Ellison suggests figuring out which love languages you identify with most and communicating that with your partner. He also recommends working on this together as a couple and ensure you are offering that to your partner. Visit here to learn more about your love language.
Control what’s in your control
So you can effectively manage that which is out of your control. Spinks said this is a phrase she often uses within her practice. She said when you control the stuff that is within your control, you will have the energy and the ability to handle the stuff that is beyond your control.
“What you can control is how you respond to moves and relocations, your attitude, your self-awareness, your willingness to pause and look at the situation to take control over what’s in your control,” she said.
An example of something you can’t control would be relocation. Spinks said you could either be anxious about an upcoming move, angry about having to pack up your life again, about having to find new activities for your kids or having to find a new dentist or doctor.
“You can be angry about that, or you can see it as an opportunity for a new adventure, for an opportunity to start fresh, for an opportunity to purge and keep things more feng shui, more centred, you get to be together as a family, you get to try a new community. The rest is just logistics,” she added.

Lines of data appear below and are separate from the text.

(* Let $a$ be a positive integer and let $\alpha,\beta$ be $\tilde{\mathbb N}$-compositions. Then $$\varphi\big(M_{(a,\alpha*\beta)}\big)=(-1)^{\ell_\varepsilon(\alpha)+\ell_\varepsilon(\beta)}M_{(a,\bar\alpha*\bar\beta)}.$$
   Context: $\tilde{\mathbb N}=\mathbb N\cup\{\varepsilon\}$ with $0+\varepsilon=\varepsilon+\varepsilon=\varepsilon$ and $n+\varepsilon=n$ for integers $n\ge1$. $\mathbf{k}$ is a commutative ring containing $\mathbb Q$; $\mathbf{k}[[X]]_{\tilde{\mathbb N}}$, $X=\{x_1<x_2<\cdots\}$, is the algebra of possibly infinite linear combinations of formal monomials $\prod x_i^{f(x_i)}$ with $f$ finitely supported $\tilde{\mathbb N}$-valued, multiplied by adding exponents. An $\tilde{\mathbb N}$-composition is a finite (possibly empty) sequence of elements of $\{\varepsilon,1,2,\dots\}$; $M_{(\alpha_1,\dots,\alpha_k)}=\sum_{1\le i_1<\cdots<i_k}x_{i_1}^{\alpha_1}\cdots x_{i_k}^{\alpha_k}$, $M_\emptyset=1$, and $\mathrm{WCQSym}$ is their (free) $\mathbf k$-span; $\mathrm{QSym}$ is the span of $M_\alpha$ with all entries positive integers. The quasi-shuffle product $*$ on formal linear combinations of $\tilde{\mathbb N}$-compositions is bilinear with $\emptyset*\gamma=\gamma*\emptyset=\gamma$ and $(c,\gamma)*(d,\delta)=(c,\gamma*(d,\delta))+(d,(c,\gamma)*\delta)+(c+d,\gamma*\delta)$; $M$ is extended linearly, and $(a,\cdot)$ (prepending $a$) is extended linearly. $\ell_\varepsilon(\alpha)$ is the number of entries equal to $\varepsilon$, $\bar\alpha$ is $\alpha$ with its $\varepsilon$ entries deleted. $\mathcal C_\varepsilon$ is the set of $\tilde{\mathbb N}$-compositions with first entry $\varepsilon$, $\mathcal C_N$ the set of all others. $\varphi:\mathrm{WCQSym}\to\mathrm{QSym}$ is the $\mathbf k$-linear map with $\varphi(M_\gamma)=(-1)^{\ell_\varepsilon(\gamma)}M_{\bar\gamma}$ for $\gamma\in\mathcal C_N$ and $\varphi(M_\gamma)=0$ for $\gamma\in\mathcal C_\varepsilon$. *)

theory Defs
  imports Main
begin

text \<open>Elements of tilde N: Eps stands for epsilon, Num n for the integer n
  (compositions only use Num n with n \<ge> 1).\<close>
datatype tn = Eps | Num nat

fun tadd :: "tn \<Rightarrow> tn \<Rightarrow> tn" where
  "tadd Eps Eps = Eps"
| "tadd Eps (Num n) = (if n = 0 then Eps else Num n)"
| "tadd (Num n) Eps = (if n = 0 then Eps else Num n)"
| "tadd (Num m) (Num n) = Num (m + n)"

type_synonym comp = "tn list"

definition is_comp :: "comp \<Rightarrow> bool" where
  "is_comp \<gamma> \<longleftrightarrow> (\<forall>x\<in>set \<gamma>. x = Eps \<or> (\<exists>n\<ge>1. x = Num n))"

text \<open>Formal linear combinations of compositions with coefficients in 'k,
  represented by their (finitely supported) coefficient functions.
  Via gamma \<mapsto> M_gamma, such a combination f also represents the element
  sum f(gamma) M_gamma of WCQSym (the M_gamma form a basis of WCQSym, and the
  M_gamma with positive entries a basis of QSym); M extended linearly is thus
  the identity on coefficient functions.\<close>
type_synonym 'k lc = "comp \<Rightarrow> 'k"

definition single_lc :: "comp \<Rightarrow> 'k::zero_neq_one lc" where
  "single_lc \<gamma> = (\<lambda>\<delta>. if \<delta> = \<gamma> then 1 else 0)"

text \<open>Prepending an entry a, extended linearly: (a, f).\<close>
definition prep :: "tn \<Rightarrow> 'k::zero lc \<Rightarrow> 'k lc" where
  "prep a f = (\<lambda>\<delta>. case \<delta> of [] \<Rightarrow> 0 | x # r \<Rightarrow> (if x = a then f r else 0))"

fun qsh :: "comp \<Rightarrow> comp \<Rightarrow> 'k::comm_ring_1 lc" where
  "qsh [] \<gamma> = single_lc \<gamma>"
| "qsh \<gamma> [] = single_lc \<gamma>"
| "qsh (c # \<gamma>) (d # \<delta>) =
     (\<lambda>\<rho>. prep c (qsh \<gamma> (d # \<delta>)) \<rho> + prep d (qsh (c # \<gamma>) \<delta>) \<rho>
           + prep (tadd c d) (qsh \<gamma> \<delta>) \<rho>)"

definition ell_eps :: "comp \<Rightarrow> nat" where
  "ell_eps \<gamma> = length (filter (\<lambda>x. x = Eps) \<gamma>)"

definition bar :: "comp \<Rightarrow> comp" where
  "bar \<gamma> = filter (\<lambda>x. x \<noteq> Eps) \<gamma>"

definition in_C_eps :: "comp \<Rightarrow> bool" where
  "in_C_eps \<gamma> \<longleftrightarrow> (\<gamma> \<noteq> [] \<and> hd \<gamma> = Eps)"

text \<open>phi : WCQSym \<rightarrow> QSym, on coefficient functions (f has finite support):
  phi(M_gamma) = (-1)^{ell_eps gamma} M_{bar gamma} for gamma in C_N, 0 for gamma in C_eps.\<close>
definition phi :: "'k::comm_ring_1 lc \<Rightarrow> 'k lc" where
  "phi f = (\<lambda>\<delta>. \<Sum>\<gamma>\<in>{\<gamma>. f \<gamma> \<noteq> 0 \<and> \<not> in_C_eps \<gamma> \<and> bar \<gamma> = \<delta>}.
                 (-1) ^ ell_eps \<gamma> * f \<gamma>)"

end

theory Submission
  imports Defs
begin

text \<open>Drop the restriction to C_N from phi and consider the linear map signed_bar, i.e.
  psi(M_gamma) = (-1)^(ell_eps gamma) M_(bar gamma) on all of WCQSym. It turns prepending
  epsilon into a sign change and commutes with prepending a positive entry, so pushing the
  recursion of the quasi-shuffle through psi gives
  psi(alpha * beta) = (-1)^(ell_eps alpha + ell_eps beta) (bar alpha * bar beta):
  if both heads are epsilon, the three terms contribute with signs +, +, - (as
  epsilon + epsilon = epsilon); if exactly one head is epsilon, the two terms headed by the
  other entry n cancel (as n + epsilon = n). On combinations of compositions starting with
  a positive entry, phi and psi agree.\<close>

definition finite_support :: "'k::zero lc \<Rightarrow> bool" where
  "finite_support f \<longleftrightarrow> finite {\<gamma>. f \<gamma> \<noteq> 0}"

definition eps_sign :: "comp \<Rightarrow> 'k::comm_ring_1" where
  "eps_sign \<gamma> = (-1) ^ ell_eps \<gamma>"

definition signed_bar :: "'k::comm_ring_1 lc \<Rightarrow> 'k lc" where
  "signed_bar f = (\<lambda>\<delta>. \<Sum>\<gamma>\<in>{\<gamma>. f \<gamma> \<noteq> 0 \<and> bar \<gamma> = \<delta>}. eps_sign \<gamma> * f \<gamma>)"

lemma bar_simps [simp]:
  "bar [] = []" "bar (Eps # \<gamma>) = bar \<gamma>" "bar (Num n # \<gamma>) = Num n # bar \<gamma>"
  by (auto simp: bar_def)

lemma ell_eps_simps [simp]:
  "ell_eps [] = 0" "ell_eps (Eps # \<gamma>) = Suc (ell_eps \<gamma>)" "ell_eps (Num n # \<gamma>) = ell_eps \<gamma>"
  by (auto simp: ell_eps_def)

lemma eps_sign_simps [simp]:
  "eps_sign [] = 1" "eps_sign (Eps # \<gamma>) = - eps_sign \<gamma>" "eps_sign (Num n # \<gamma>) = eps_sign \<gamma>"
  by (auto simp: eps_sign_def)

lemma is_comp_Cons:
  "is_comp (c # \<gamma>) \<longleftrightarrow> (c = Eps \<or> (\<exists>n\<ge>1. c = Num n)) \<and> is_comp \<gamma>"
  by (auto simp: is_comp_def)

lemma prep_simps [simp]:
  "prep a f [] = 0" "prep a f (b # \<gamma>) = (if b = a then f \<gamma> else 0)"
  by (auto simp: prep_def)

lemma prep_nonzeroD: "prep a f \<delta> \<noteq> 0 \<Longrightarrow> \<exists>\<gamma>. \<delta> = a # \<gamma> \<and> f \<gamma> \<noteq> 0"
  by (cases \<delta>) (auto split: if_splits)

lemma prep_scale: "prep a (\<lambda>\<delta>. k * f \<delta>) = (\<lambda>\<delta>. (k::'k::comm_ring_1) * prep a f \<delta>)"
  by (auto simp: prep_def split: list.splits)

lemma prep_uminus: "prep a (\<lambda>\<delta>. - f \<delta>) = (\<lambda>\<delta>. - prep a (f::'k::comm_ring_1 lc) \<delta>)"
  by (auto simp: prep_def split: list.splits)

lemma qsh_Nil_right: "qsh \<gamma> [] = single_lc \<gamma>"
  by (cases \<gamma>) auto

lemma finite_support_single_lc: "finite_support (single_lc \<gamma>)"
  unfolding finite_support_def single_lc_def
  by (rule finite_subset[of _ "{\<gamma>}"]) auto

lemma finite_support_prep: "finite_support f \<Longrightarrow> finite_support (prep a f)"
  unfolding finite_support_def
  by (rule finite_subset[of _ "Cons a ` {\<gamma>. f \<gamma> \<noteq> 0}"]) (auto dest!: prep_nonzeroD)

lemma finite_support_add:
  "finite_support (f::'k::monoid_add lc) \<Longrightarrow> finite_support g \<Longrightarrow> finite_support (\<lambda>\<gamma>. f \<gamma> + g \<gamma>)"
  unfolding finite_support_def
  by (rule finite_subset[of _ "{\<gamma>. f \<gamma> \<noteq> 0} \<union> {\<gamma>. g \<gamma> \<noteq> 0}"]) auto

lemma finite_support_qsh: "finite_support (qsh \<alpha> \<beta>)"
  by (induction \<alpha> \<beta> rule: qsh.induct)
    (auto simp: finite_support_single_lc intro!: finite_support_add finite_support_prep)

lemma signed_bar_superset:
  assumes "finite S" "{\<gamma>. f \<gamma> \<noteq> 0} \<subseteq> S"
  shows "signed_bar f \<delta> = (\<Sum>\<gamma>\<in>{\<gamma>\<in>S. bar \<gamma> = \<delta>}. eps_sign \<gamma> * f \<gamma>)"
  unfolding signed_bar_def by (rule sum.mono_neutral_left) (use assms in auto)

lemma signed_bar_add:
  assumes "finite_support f" "finite_support g"
  shows "signed_bar (\<lambda>\<gamma>. f \<gamma> + g \<gamma>) = (\<lambda>\<delta>. signed_bar f \<delta> + signed_bar g \<delta>)"
proof
  fix \<delta>
  let ?S = "{\<gamma>. f \<gamma> \<noteq> 0} \<union> {\<gamma>. g \<gamma> \<noteq> 0}"
  have "finite ?S" using assms unfolding finite_support_def by simp
  then show "signed_bar (\<lambda>\<gamma>. f \<gamma> + g \<gamma>) \<delta> = signed_bar f \<delta> + signed_bar g \<delta>"
    by (subst (1 2 3) signed_bar_superset[where S = ?S])
      (auto simp: sum.distrib distrib_left)
qed

lemma signed_bar_single_lc:
  "signed_bar (single_lc \<gamma>) = (\<lambda>\<delta>. (eps_sign \<gamma> :: 'k::comm_ring_1) * single_lc (bar \<gamma>) \<delta>)"
proof
  fix \<delta>
  have "{\<rho>. single_lc \<gamma> \<rho> \<noteq> (0::'k) \<and> bar \<rho> = \<delta>} = (if bar \<gamma> = \<delta> then {\<gamma>} else {})"
    by (auto simp: single_lc_def)
  then show "signed_bar (single_lc \<gamma>) \<delta> = (eps_sign \<gamma> :: 'k) * single_lc (bar \<gamma>) \<delta>"
    unfolding signed_bar_def by (auto simp: single_lc_def)
qed

lemma signed_bar_prep_Eps: "signed_bar (prep Eps f) = (\<lambda>\<delta>. - signed_bar f \<delta>)"
proof
  fix \<delta>
  have "{\<gamma>. prep Eps f \<gamma> \<noteq> 0 \<and> bar \<gamma> = \<delta>} = Cons Eps ` {\<gamma>. f \<gamma> \<noteq> 0 \<and> bar \<gamma> = \<delta>}"
    by (auto dest!: prep_nonzeroD)
  then show "signed_bar (prep Eps f) \<delta> = - signed_bar f \<delta>"
    unfolding signed_bar_def by (simp add: sum.reindex sum_negf[symmetric])
qed

lemma signed_bar_prep_Num: "signed_bar (prep (Num n) f) = prep (Num n) (signed_bar f)"
proof
  fix \<delta>
  have "{\<gamma>. prep (Num n) f \<gamma> \<noteq> 0 \<and> bar \<gamma> = \<delta>}
        = (case \<delta> of [] \<Rightarrow> {}
           | x # \<rho> \<Rightarrow> if x = Num n then Cons (Num n) ` {\<gamma>. f \<gamma> \<noteq> 0 \<and> bar \<gamma> = \<rho>} else {})"
    by (auto dest!: prep_nonzeroD split: list.splits)
  then show "signed_bar (prep (Num n) f) \<delta> = prep (Num n) (signed_bar f) \<delta>"
    unfolding signed_bar_def by (simp add: prep_def sum.reindex split: list.splits)
qed

lemma signed_bar_qsh:
  "is_comp \<alpha> \<Longrightarrow> is_comp \<beta> \<Longrightarrow>
   signed_bar (qsh \<alpha> \<beta>) = (\<lambda>\<delta>. eps_sign \<alpha> * eps_sign \<beta> * (qsh (bar \<alpha>) (bar \<beta>) \<delta> :: 'k::comm_ring_1))"
proof (induction \<alpha> \<beta> rule: qsh.induct)
  case (1 \<beta>)
  then show ?case by (simp add: signed_bar_single_lc)
next
  case (2 c \<gamma>)
  then show ?case
    by (simp add: signed_bar_single_lc qsh_Nil_right del: bar_simps(2,3) eps_sign_simps(2,3))
next
  case (3 c \<gamma> d \<delta>)
  from "3.prems" obtain c_ok: "c = Eps \<or> (\<exists>n\<ge>1. c = Num n)" and "is_comp \<gamma>"
    and d_ok: "d = Eps \<or> (\<exists>n\<ge>1. d = Num n)" and "is_comp \<delta>"
    by (auto simp: is_comp_Cons)
  note IH = "3.IH"(1)[OF \<open>is_comp \<gamma>\<close> "3.prems"(2)] "3.IH"(2)[OF "3.prems"(1) \<open>is_comp \<delta>\<close>]
    "3.IH"(3)[OF \<open>is_comp \<gamma>\<close> \<open>is_comp \<delta>\<close>]
  have qsh_step: "signed_bar (qsh (c # \<gamma>) (d # \<delta>) :: 'k lc) =
      (\<lambda>\<rho>. signed_bar (prep c (qsh \<gamma> (d # \<delta>))) \<rho> + signed_bar (prep d (qsh (c # \<gamma>) \<delta>)) \<rho>
           + signed_bar (prep (tadd c d) (qsh \<gamma> \<delta>)) \<rho>)"
    by (simp only: qsh.simps(3))
      (simp add: signed_bar_add finite_support_add finite_support_prep finite_support_qsh)
  from c_ok d_ok show ?case
    using qsh_step IH by (elim disjE exE conjE)
      (auto simp: signed_bar_prep_Eps signed_bar_prep_Num prep_scale prep_uminus algebra_simps)
qed

lemma phi_prep_Num: "phi (prep (Num a) f) = signed_bar (prep (Num a) f)"
proof
  fix \<delta>
  have "{\<gamma>. prep (Num a) f \<gamma> \<noteq> 0 \<and> \<not> in_C_eps \<gamma> \<and> bar \<gamma> = \<delta>}
        = {\<gamma>. prep (Num a) f \<gamma> \<noteq> 0 \<and> bar \<gamma> = \<delta>}"
    by (auto simp: in_C_eps_def dest!: prep_nonzeroD)
  then show "phi (prep (Num a) f) \<delta> = signed_bar (prep (Num a) f) \<delta>"
    unfolding phi_def signed_bar_def eps_sign_def by simp
qed

theorem lemma3p5:
  fixes a :: nat and \<alpha> \<beta> :: comp
  assumes k_Q: "\<forall>n::nat. n > 0 \<longrightarrow> (\<exists>y::'k::comm_ring_1. of_nat n * y = 1)"
    and a_pos: "a \<ge> 1"
    and \<alpha>: "is_comp \<alpha>" and \<beta>: "is_comp \<beta>"
  shows "phi (prep (Num a) (qsh \<alpha> \<beta> :: 'k lc))
         = (\<lambda>\<delta>. (-1) ^ (ell_eps \<alpha> + ell_eps \<beta>) * prep (Num a) (qsh (bar \<alpha>) (bar \<beta>)) \<delta>)"
proof -
  have "phi (prep (Num a) (qsh \<alpha> \<beta> :: 'k lc)) = prep (Num a) (signed_bar (qsh \<alpha> \<beta>))"
    by (simp add: phi_prep_Num signed_bar_prep_Num)
  also have "\<dots> = (\<lambda>\<delta>. eps_sign \<alpha> * eps_sign \<beta> * prep (Num a) (qsh (bar \<alpha>) (bar \<beta>)) \<delta>)"
    by (simp add: signed_bar_qsh[OF \<alpha> \<beta>] prep_scale)
  finally show ?thesis
    by (simp add: eps_sign_def power_add)
qed

end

Spinks uses the acronym DETOURS in her practice and suggests using it as a little checklist in order to keep yourself in check.
- Delegate (jobs, chores)
- Eliminate (stop doing unnecessary things)
- Teach (teach your kids, teach your spouse, teach yourself, teach others)
- Organize (organize differently, organize efficiently, organize, organize, organize)
- Use your resources/use your network
- Realign or reassess your priorities
- Simplify (find easier ways of doing things)
“Take a detour. If you can’t do any of the detours, then it’s time to sit down and ask for help,” said Spinks.
Spinks also suggests utilizing your local Military Family Resource Centre if you are feeling stuck or lonely. MFRCs often offer free classes and programs to help simplify your life, and it’s a great way to meet other military families and helps you to stay connected with your community.
Laugh or Cry
Spinks said sometimes all you can do is laugh or cry about a situation. She recalls one news interview about a lady who lived in a town that had experienced a flash flood. The lady was ironing when a wave swept through her house and took her ironing board with it, and she began laughing about it. She had her health, her family and friends were safe, the rest was just stuff that could be replaced.
However, if it’s no laughing matter, then Spinks said having a good cry helps to release those feelings of anger and sadness.
“But if you find you’re having a good cry all the time, then it may be time to bring in professional help,” Spinks added.
If you need to talk to someone and you are military personnel, a military spouse, or a veteran, call:
- Members Assistance Program 1-800-268-7708
- Family Information Line 1-800-866-4546
Chris Ellison is a clinical social worker and therapist at Ellison Counselling and Mediation in London, Ont. Ellison helps couples deal with stressful situations on a regular basis. He helps couples understand their issues by assisting them to find common ground and come to a mutual agreement through counselling and mediation. Within his practice, he is also a trauma counsellor for men and women who serve as police, firefighters, and paramedics. Consequently, he understands the unique situations of Canadian Armed Forces servicemen and women face.
Nora Spinks, CEO for the Vanier Institute in Ottawa, Ontario. Spinks helps couples who face these unique situations within the CAF.